Possible alternative explanations include: (i) elimination of the more deviant results, due to a belief that the experiments had failed because of interference from foreign pollen; (ii) repetition of particular experiments until the results approached the predicted ratio, without realizing the bias thus introduced; and (iii) a lack of understanding of the importance of the random variation indicated in Mendel’s heredity theory itself, either by Mendel himself or by over-zealous assistants in the monastery garden where he worked. Mayr (1982) refutes this latter one for Mendel himself, pointing out that he had a good training in and understanding of statistical fluctuations (unlike many of his contemporaries).

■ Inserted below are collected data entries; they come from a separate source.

(* Let $N\geqslant3$, $s\in(0,1)$ and $p\in(2^*_s,2^* )$. For all $u\in\mathcal M$ we have $P'(u)\neq0$.
   Context: $2^*=\frac{2N}{N-2}$, $2^*_s=\frac{2N}{N-2s}$. $\|u\|_{D^{1,2}}^2=\int_{\mathbb{R}^N}|\nabla u|^2\,\mathrm{d}x$, $\|u\|_{D^{s,2}}^2=\int_{\mathbb{R}^N}\int_{\mathbb{R}^N}\frac{|u(x)-u(y)|^2}{|x-y|^{N+2s}}\,\mathrm{d}x\,\mathrm{d}y$; $E$ is the completion of $C_0^\infty(\mathbb{R}^N)$ under $\|u\|_E^2=\|u\|_{D^{1,2}}^2+\|u\|_{D^{s,2}}^2$. $P(u)=\frac{N-2}{2}\|u\|_{D^{1,2}}^2+\frac{N-2s}{2}\|u\|_{D^{s,2}}^2-\frac Np\int_{\mathbb{R}^N}|u|^p\,\mathrm{d}x$, a $C^1$ functional on $E$; $\mathcal M=\{u\in E\setminus\{0\}:P(u)=0\}$. *)

theory Defs
  imports "HOL-Analysis.Analysis"
begin

text \<open>Functions on R^N are modelled as real ^ 'n => real with N = CARD('n).\<close>

definition critS :: "nat \<Rightarrow> real" where
  "critS N = 2 * real N / (real N - 2)"

definition critFrac :: "nat \<Rightarrow> real \<Rightarrow> real" where
  "critFrac N s = 2 * real N / (real N - 2 * s)"

fun iter_partial :: "'n::finite list \<Rightarrow> (real ^ 'n \<Rightarrow> real) \<Rightarrow> real ^ 'n \<Rightarrow> real" where
  "iter_partial [] f = f"
| "iter_partial (i # is) f = (\<lambda>x. frechet_derivative (iter_partial is f) (at x) (axis i 1))"

text \<open>C_0^infinity: all iterated partial derivatives exist and are differentiable everywhere,
  and the function has bounded (hence compact closure) support.\<close>
definition test_fun :: "(real ^ 'n::finite \<Rightarrow> real) \<Rightarrow> bool" where
  "test_fun f \<longleftrightarrow> (\<forall>is. \<forall>x. iter_partial is f differentiable (at x)) \<and> bounded {x. f x \<noteq> 0}"

definition grad_sq :: "(real ^ 'n::finite \<Rightarrow> real) \<Rightarrow> real ^ 'n \<Rightarrow> real" where
  "grad_sq f x = (\<Sum>i\<in>UNIV. (frechet_derivative f (at x) (axis i 1))^2)"

definition D12sq_test :: "(real ^ 'n::finite \<Rightarrow> real) \<Rightarrow> real" where
  "D12sq_test f = integral\<^sup>L lborel (grad_sq f)"

definition Gag_enn :: "real \<Rightarrow> (real ^ 'n::finite \<Rightarrow> real) \<Rightarrow> ennreal" where
  "Gag_enn s u = (\<integral>\<^sup>+ x. \<integral>\<^sup>+ y. ennreal ((u x - u y)^2 / (norm (x - y) powr (real CARD('n) + 2 * s))) \<partial>lborel \<partial>lborel)"

definition Gag :: "real \<Rightarrow> (real ^ 'n::finite \<Rightarrow> real) \<Rightarrow> real" where
  "Gag s u = enn2real (Gag_enn s u)"

definition Lp_pow :: "real \<Rightarrow> (real ^ 'n::finite \<Rightarrow> real) \<Rightarrow> ennreal" where
  "Lp_pow q u = (\<integral>\<^sup>+ x. ennreal (\<bar>u x\<bar> powr q) \<partial>lborel)"

text \<open>phi is a sequence of test functions, Cauchy for the norm of E, whose limit
  (identified through the Sobolev embedding E into L^{2^*}) is u.\<close>
definition approx_seq :: "real \<Rightarrow> (real ^ 'n::finite \<Rightarrow> real) \<Rightarrow> (nat \<Rightarrow> real ^ 'n \<Rightarrow> real) \<Rightarrow> bool" where
  "approx_seq s u \<phi> \<longleftrightarrow>
     (\<forall>k. test_fun (\<phi> k)) \<and>
     (\<forall>e>0. \<exists>K. \<forall>k\<ge>K. \<forall>m\<ge>K.
        D12sq_test (\<lambda>x. \<phi> k x - \<phi> m x) + Gag s (\<lambda>x. \<phi> k x - \<phi> m x) < e) \<and>
     ((\<lambda>k. Lp_pow (critS CARD('n)) (\<lambda>x. \<phi> k x - u x)) \<longlonglongrightarrow> 0)"

text \<open>The space E (completion of C_0^infinity under the norm of E), realized as functions.\<close>
definition Espace :: "real \<Rightarrow> (real ^ 'n::finite \<Rightarrow> real) set" where
  "Espace s = {u. u \<in> borel_measurable lborel \<and> (\<exists>\<phi>. approx_seq s u \<phi>)}"

text \<open>D^{1,2} seminorm squared on E, extended by continuity from test functions.\<close>
definition D12sq :: "real \<Rightarrow> (real ^ 'n::finite \<Rightarrow> real) \<Rightarrow> real" where
  "D12sq s u = lim (\<lambda>k. D12sq_test ((SOME \<phi>. approx_seq s u \<phi>) k))"

definition Pfun :: "real \<Rightarrow> real \<Rightarrow> (real ^ 'n::finite \<Rightarrow> real) \<Rightarrow> real" where
  "Pfun s p u = (real CARD('n) - 2) / 2 * D12sq s u + (real CARD('n) - 2 * s) / 2 * Gag s u
     - real CARD('n) / p * integral\<^sup>L lborel (\<lambda>x. \<bar>u x\<bar> powr p)"
(* For every rooted tree $T$ (rooted at $s$) which is a subgraph of the network graph and in which every vertex knows its parent and children, there is a CONGEST algorithm with $\widetilde{O}(D(T))$ rounds and $\widetilde{O}(1)$ congestion at the end of which every vertex $v$ of $T$ knows its heavy/light classification in $T$ and its compressed path $\pi^*(s,v,T)$.
   Context: CONGEST model: synchronous rounds, each vertex has a unique $O(\log n)$-bit ID and may send an $O(\log n)$-bit message to each neighbour per round; $\widetilde{O}$ hides polylog$(n)$ factors; congestion is the maximum total number of messages sent over an edge. $D(T)$ is the diameter of $T$. For a non-leaf vertex $v$ of the rooted tree $T$, its heavy child is the child $v'$ maximizing the number of vertices of the subtree $T_{v'}$ (ties broken arbitrarily but consistently); other children are light children. A vertex is heavy if it is a heavy child and light otherwise (the root is light). For a vertex $v$, let $L=[s=v_0,v_1,\dots,v_k]$ be the ordered list of light vertices on the root-to-$v$ tree path $\pi(s,v,T)$; the compressed path $\pi^*(s,v,T)$ consists of $L$ together with a table mapping each $v_i$ to the number of heavy vertices strictly between $v_i$ and $v_{i+1}$ on $\pi(s,v,T)$, where $v_{k+1}:=v$. *)

theory Defs
  imports Complex_Main
begin

text \<open>Vertices of the network are identified with their IDs (natural numbers).  The local input of a vertex is
(own ID, n, set of neighbour IDs, whether it belongs to T, its parent in T, its children in T).\<close>

type_synonym msg = "bool list"
type_synonym linput = "nat \<times> nat \<times> nat set \<times> bool \<times> nat option \<times> nat set"
type_synonym state = "linput \<times> (nat \<Rightarrow> msg option) list"
type_synonym outp = "bool \<times> (nat \<times> nat) list"

text \<open>An algorithm: the message a vertex in a given state sends to the neighbour with a given ID
(None = no message), and its current output.  States record the local input and the full history
of received messages (w.l.o.g. for deterministic algorithms with unbounded local computation).\<close>

record alg =
  amsg :: "state \<Rightarrow> nat \<Rightarrow> msg option"
  aout :: "state \<Rightarrow> outp"

fun run :: "alg \<Rightarrow> (nat \<Rightarrow> linput) \<Rightarrow> (nat \<Rightarrow> nat \<Rightarrow> bool) \<Rightarrow> nat \<Rightarrow> nat \<Rightarrow> state" where
  "run A I E 0 v = (I v, [])"
| "run A I E (Suc r) v =
     (I v, snd (run A I E r v) @ [\<lambda>u. if E u v then amsg A (run A I E r u) v else None])"

definition sent :: "alg \<Rightarrow> (nat \<Rightarrow> linput) \<Rightarrow> (nat \<Rightarrow> nat \<Rightarrow> bool) \<Rightarrow> nat \<Rightarrow> nat \<Rightarrow> nat \<Rightarrow> msg option" where
  "sent A I E t u v = (if E u v then amsg A (run A I E t u) v else None)"

definition edge_load :: "alg \<Rightarrow> (nat \<Rightarrow> linput) \<Rightarrow> (nat \<Rightarrow> nat \<Rightarrow> bool) \<Rightarrow> nat \<Rightarrow> nat \<Rightarrow> nat \<Rightarrow> nat" where
  "edge_load A I E r u v =
     card {t. t < r \<and> sent A I E t u v \<noteq> None} + card {t. t < r \<and> sent A I E t v u \<noteq> None}"

definition lg :: "nat \<Rightarrow> nat" where
  "lg n = nat \<lceil>log 2 (real n + 2)\<rceil>"

definition up :: "(nat \<Rightarrow> nat option) \<Rightarrow> nat \<Rightarrow> nat \<Rightarrow> nat" where
  "up par k v = ((\<lambda>x. the (par x)) ^^ k) v"

definition rooted_tree_in ::
  "nat set \<Rightarrow> (nat \<Rightarrow> nat \<Rightarrow> bool) \<Rightarrow> nat set \<Rightarrow> nat \<Rightarrow> (nat \<Rightarrow> nat option) \<Rightarrow> bool" where
  "rooted_tree_in V E VT s par \<longleftrightarrow>
     VT \<subseteq> V \<and> s \<in> VT \<and> par s = None \<and>
     (\<forall>v\<in>VT - {s}. \<exists>u\<in>VT. par v = Some u \<and> E u v) \<and>
     (\<forall>v\<in>VT. \<exists>k. up par k v = s)"

definition depth :: "(nat \<Rightarrow> nat option) \<Rightarrow> nat \<Rightarrow> nat \<Rightarrow> nat" where
  "depth par s v = (LEAST k. up par k v = s)"

definition anc_eq :: "(nat \<Rightarrow> nat option) \<Rightarrow> nat \<Rightarrow> nat \<Rightarrow> nat \<Rightarrow> bool" where
  "anc_eq par s u w \<longleftrightarrow> (\<exists>k \<le> depth par s w. up par k w = u)"

definition children :: "nat set \<Rightarrow> (nat \<Rightarrow> nat option) \<Rightarrow> nat \<Rightarrow> nat set" where
  "children VT par v = {c \<in> VT. par c = Some v}"

definition subtree_size :: "nat set \<Rightarrow> (nat \<Rightarrow> nat option) \<Rightarrow> nat \<Rightarrow> nat \<Rightarrow> nat" where
  "subtree_size VT par s v = card {w \<in> VT. anc_eq par s v w}"

text \<open>Distance in T (via the lowest common ancestor) and diameter D(T).\<close>
definition tdist :: "nat set \<Rightarrow> (nat \<Rightarrow> nat option) \<Rightarrow> nat \<Rightarrow> nat \<Rightarrow> nat \<Rightarrow> nat" where
  "tdist VT par s u v = Min {depth par s u + depth par s v - 2 * depth par s w | w.
                               w \<in> VT \<and> anc_eq par s w u \<and> anc_eq par s w v}"

definition tdiam :: "nat set \<Rightarrow> (nat \<Rightarrow> nat option) \<Rightarrow> nat \<Rightarrow> nat" where
  "tdiam VT par s = Max {tdist VT par s u v | u v. u \<in> VT \<and> v \<in> VT}"

definition heavy_choice :: "nat set \<Rightarrow> (nat \<Rightarrow> nat option) \<Rightarrow> nat \<Rightarrow> (nat \<Rightarrow> nat) \<Rightarrow> bool" where
  "heavy_choice VT par s hc \<longleftrightarrow>
     (\<forall>v\<in>VT. children VT par v \<noteq> {} \<longrightarrow>
        hc v \<in> children VT par v \<and>
        (\<forall>c\<in>children VT par v. subtree_size VT par s c \<le> subtree_size VT par s (hc v)))"

definition is_heavy :: "(nat \<Rightarrow> nat option) \<Rightarrow> nat \<Rightarrow> (nat \<Rightarrow> nat) \<Rightarrow> nat \<Rightarrow> bool" where
  "is_heavy par s hc w \<longleftrightarrow> w \<noteq> s \<and> (\<exists>p. par w = Some p \<and> hc p = w)"

definition root_path :: "(nat \<Rightarrow> nat option) \<Rightarrow> nat \<Rightarrow> nat \<Rightarrow> nat list" where
  "root_path par s v = map (\<lambda>i. up par (depth par s v - i) v) [0..<Suc (depth par s v)]"

text \<open>Compressed path: the light vertices v_0 = s, ..., v_k on the path, each paired with the number
of heavy vertices strictly between v_i and v_(i+1), where v_(k+1) = v.\<close>
definition compressed_path :: "(nat \<Rightarrow> nat option) \<Rightarrow> nat \<Rightarrow> (nat \<Rightarrow> nat) \<Rightarrow> nat \<Rightarrow> (nat \<times> nat) list" where
  "compressed_path par s hc v =
     (let P = root_path par s v;
          H = is_heavy par s hc;
          idx = filter (\<lambda>j. \<not> H (P ! j)) [0..<length P];
          nxt = (\<lambda>m. if Suc m < length idx then idx ! Suc m else depth par s v)
      in map (\<lambda>m. (P ! (idx ! m), length (filter (\<lambda>j. H (P ! j)) [Suc (idx ! m)..<nxt m])))
             [0..<length idx])"

definition local_input ::
  "nat \<Rightarrow> (nat \<Rightarrow> nat \<Rightarrow> bool) \<Rightarrow> nat set \<Rightarrow> (nat \<Rightarrow> nat option) \<Rightarrow> nat \<Rightarrow> linput" where
  "local_input n E VT par v =
     (v, n, {u. E v u}, v \<in> VT, if v \<in> VT then par v else None, children VT par v)"

end

theory Submission
  imports Defs
begin

text \<open>The algorithm works in two phases on \<open>T\<close>. In a convergecast, every vertex reports
its subtree size to its parent in the round after the last of its children has reported, so the
root has all sizes of its children after at most \<open>D(T)\<close> rounds; every vertex picks a child of
maximum size as its heavy child. In the downcast, a vertex that knows its compressed path and
whether it is heavy computes the compressed path of each child by appending one vertex, and
streams it to that child one \<open>O(log n)\<close>-bit entry per round. Every light vertex on a root path
at least halves the subtree size, so compressed paths have \<open>O(log n)\<close> entries; hence
each tree edge carries \<open>O(log n)\<close> messages and the pipelined downcast ends after
\<open>O(D(T) log n)\<close> rounds.\<close>

fun bits_of_nat :: "nat \<Rightarrow> nat \<Rightarrow> bool list" where
  "bits_of_nat 0 x = []"
| "bits_of_nat (Suc w) x = odd x # bits_of_nat w (x div 2)"

fun nat_of_bits :: "bool list \<Rightarrow> nat" where
  "nat_of_bits [] = 0"
| "nat_of_bits (b # bs) = of_bool b + 2 * nat_of_bits bs"

lemma length_bits_of_nat [simp]: "length (bits_of_nat w x) = w"
  by (induction w arbitrary: x) auto

lemma nat_of_bits_of_nat: "x < 2 ^ w \<Longrightarrow> nat_of_bits (bits_of_nat w x) = x"
  by (induction w arbitrary: x) auto

lemma lg_ge_1: "1 \<le> lg n"
proof -
  have "1 \<le> log 2 (real n + 2)" by simp
  then show ?thesis unfolding lg_def by linarith
qed

lemma lg_bound: "n + 2 \<le> 2 ^ lg n"
proof -
  have "real n + 2 = 2 powr log 2 (real n + 2)" by simp
  also have "\<dots> \<le> 2 powr real (lg n)" unfolding lg_def by (intro powr_mono) auto
  also have "\<dots> = real (2 ^ lg n)" by (simp add: powr_realpow)
  finally show ?thesis by linarith
qed

definition light_indices :: "('a \<Rightarrow> bool) \<Rightarrow> 'a list \<Rightarrow> nat list" where
  "light_indices H P = filter (\<lambda>j. \<not> H (P ! j)) [0..<length P]"

definition heavy_count :: "('a \<Rightarrow> bool) \<Rightarrow> 'a list \<Rightarrow> nat \<Rightarrow> nat \<Rightarrow> nat" where
  "heavy_count H P a b = length (filter (\<lambda>j. H (P ! j)) [a..<b])"
lemma eps_n0_sq_le_rate_at:
  fixes th0 :: "nat \<Rightarrow> real" and m :: "nat \<Rightarrow> real" and n :: nat and \<beta> :: real
  defines "Q \<equiv> real n / ln (real n)"
  defines "x \<equiv> Q powr (1 / (2 * \<beta> + 1))"
  assumes c: "c > 0" and C: "C > 0"
    and bounds: "\<And>k. k \<ge> 1 \<Longrightarrow>
      c * (tail_sq th0 k + real k * ln (real n) / real n) \<le> (eps_n g th0 K n k)\<^sup>2 \<and>
      (eps_n g th0 K n k)\<^sup>2 \<le> C * (tail_sq th0 k + real k * ln (real n) / real n)"
    and tail: "\<And>k. k \<ge> 1 \<Longrightarrow> tail_sq th0 k \<le> L * real k powr (- (2 * \<beta>))" and L: "L \<ge> 0"
    and th0: "summable (\<lambda>j. (th0 j)\<^sup>2)" and b: "\<beta> > 0"
    and n: "3 \<le> n" "2 \<le> x" "2 * x \<le> \<epsilon> * Q" "m n \<le> min c 1 * x"
  shows "eps_n0_sq g th0 K m (Lambda_n \<epsilon> n) n \<le> ereal ((3 * C * max L 1 + 1) * (Q powr (- \<beta> / (2 * \<beta> + 1)))\<^sup>2)"
proof -
  define R where "R = (Q powr (- \<beta> / (2 * \<beta> + 1)))\<^sup>2"
  define k where "k = nat \<lceil>x\<rceil>"
  have Q: "Q > 0"
    using n by (simp add: Q_def)
  have "real k = of_int \<lceil>x\<rceil>"
    using n by (simp add: k_def)
  then have kx: "x \<le> real k" "real k \<le> 2 * x"
    using n le_of_int_ceiling[of x] of_int_ceiling_le_add_one[of x] by linarith+
  have k2: "k \<ge> 2"
    using kx n by linarith
  have thr: "m n * ln (real n) / real n = m n / Q"
    by (simp add: Q_def)
  have E: "c * (tail_sq th0 k + real k / Q) \<le> (eps_n g th0 K n k)\<^sup>2"
    "(eps_n g th0 K n k)\<^sup>2 \<le> C * (tail_sq th0 k + real k / Q)"
    using bounds[of k] k2 by (simp_all add: Q_def)
  have mx: "m n / Q \<le> c * x / Q" "m n / Q \<le> x / Q"
    using n Q by (auto intro!: divide_right_mono intro: order_trans mult_right_mono)
  show ?thesis
    unfolding R_def[symmetric]
  proof (rule eps_n0_sq_le)
    show "k \<in> Lambda_n \<epsilon> n"
      using kx n k2 by (simp add: Lambda_n_def Q_def le_nat_floor)
    have "x / Q \<le> tail_sq th0 k + real k / Q"
      using divide_right_mono[OF kx(1), of Q] Q tail_sq_nonneg[OF th0, of k] by linarith
    then have "c * x / Q \<le> (eps_n g th0 K n k)\<^sup>2"
      using E(1) mult_left_mono[of _ _ c] c by fastforce
    then show "m n * ln (real n) / real n \<le> (eps_n g th0 K n k)\<^sup>2"
      using mx thr by linarith
    have "(eps_n g th0 K n k)\<^sup>2 \<le> C * (3 * max L 1 * R)"
      using E(2) C tail_plus_variance_le_rate_sq[OF Q b L tail[of k]] kx k2
      by (auto simp: R_def x_def intro: order_trans mult_left_mono)
    moreover have "C * (3 * max L 1 * R) \<le> (3 * C * max L 1 + 1) * R"
      by (simp add: R_def algebra_simps)
    ultimately show "(eps_n g th0 K n k)\<^sup>2 \<le> (3 * C * max L 1 + 1) * R"
      by linarith
    have "m n / Q \<le> R"
      using mx rate_sq_eq(1)[OF Q b] by (simp add: R_def x_def)
    moreover have "R \<le> (3 * C * max L 1 + 1) * R"
      using C by (simp add: R_def algebra_simps)
    ultimately show "m n * ln (real n) / real n \<le> (3 * C * max L 1 + 1) * R"
      using thr by linarith
  qed
qed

Rather oddly, Kohn (1986) suggests that Mendel should be forgiven for having overly precise data whatever the explanation, since the unexpected results are at least in the direction of our current genetic theory, rather than being fraudulently incorrect.
Joan Box (1978) R.A. Fisher: the Life of a Scientist. Wiley, New York.
A.W.F. Edwards (1986) Are Mendel’s results really too close? Biological Reviews 61: 295–312.
Daniel J. Fairbanks, Bryce Rytting (2001) Mendelian controversies: a botanical and historical review. American Journal of Botany 88: 737-752.
R.A. Fisher (1936) Has Mendel's work been rediscovered? Annals of Science 1: 115-137.
Allan Franklin, A.W.F. Edwards, Daniel J. Fairbanks, Daniel L. Hartl, Teddy Seidenfeld (2008) Ending the Mendel-Fisher Controversy. University of Pittsburgh Press.
Daniel L. Hartl, Daniel J. Fairbanks (2007) Mud sticks: on the alleged falsification of Mendel’s data. Genetics 175: 975–979.
Alexander Kohn (1986) False Prophets: Fraud and Error in Science and Medicine. Basil Blackwell, Oxford.
Ernst Mayr (1982) The Growth of Biological Thought: Diversity, Evolution, and Inheritance. Belknap Press, Cambridge MA.
Gregor Mendel (1866) Versuche über Pflanzen-Hybriden. Verhandlungen des Naturforschenden Vereines im Brünn 4: 3–47.
John A. Moore (1993) Science as a Way of Knowing: the Foundations of Modern Biology. Harvard University Press, Cambridge MA.
E. Novitski (2004a) On Fisher's criticism of Mendel's results with the garden pea. Genetics 166: 1133–1136.
Charles E. Novitski (1995) A closer look at some of Mendel’s results. Journal of Heredity 86: 61–66.
Charles E. Novitski (2004b) Revision of Fisher’s analysis of Mendel’s garden pea experiments. Genetics 166: 1139–1140.
Edmund W. Sinnott, L.C. Dunn (1925) Principles of Genetics. McGraw-Hill, New York.
W.F.R. Weldon (1902) Mendel's laws of alternative inheritance. Biometrika 1: 228-254.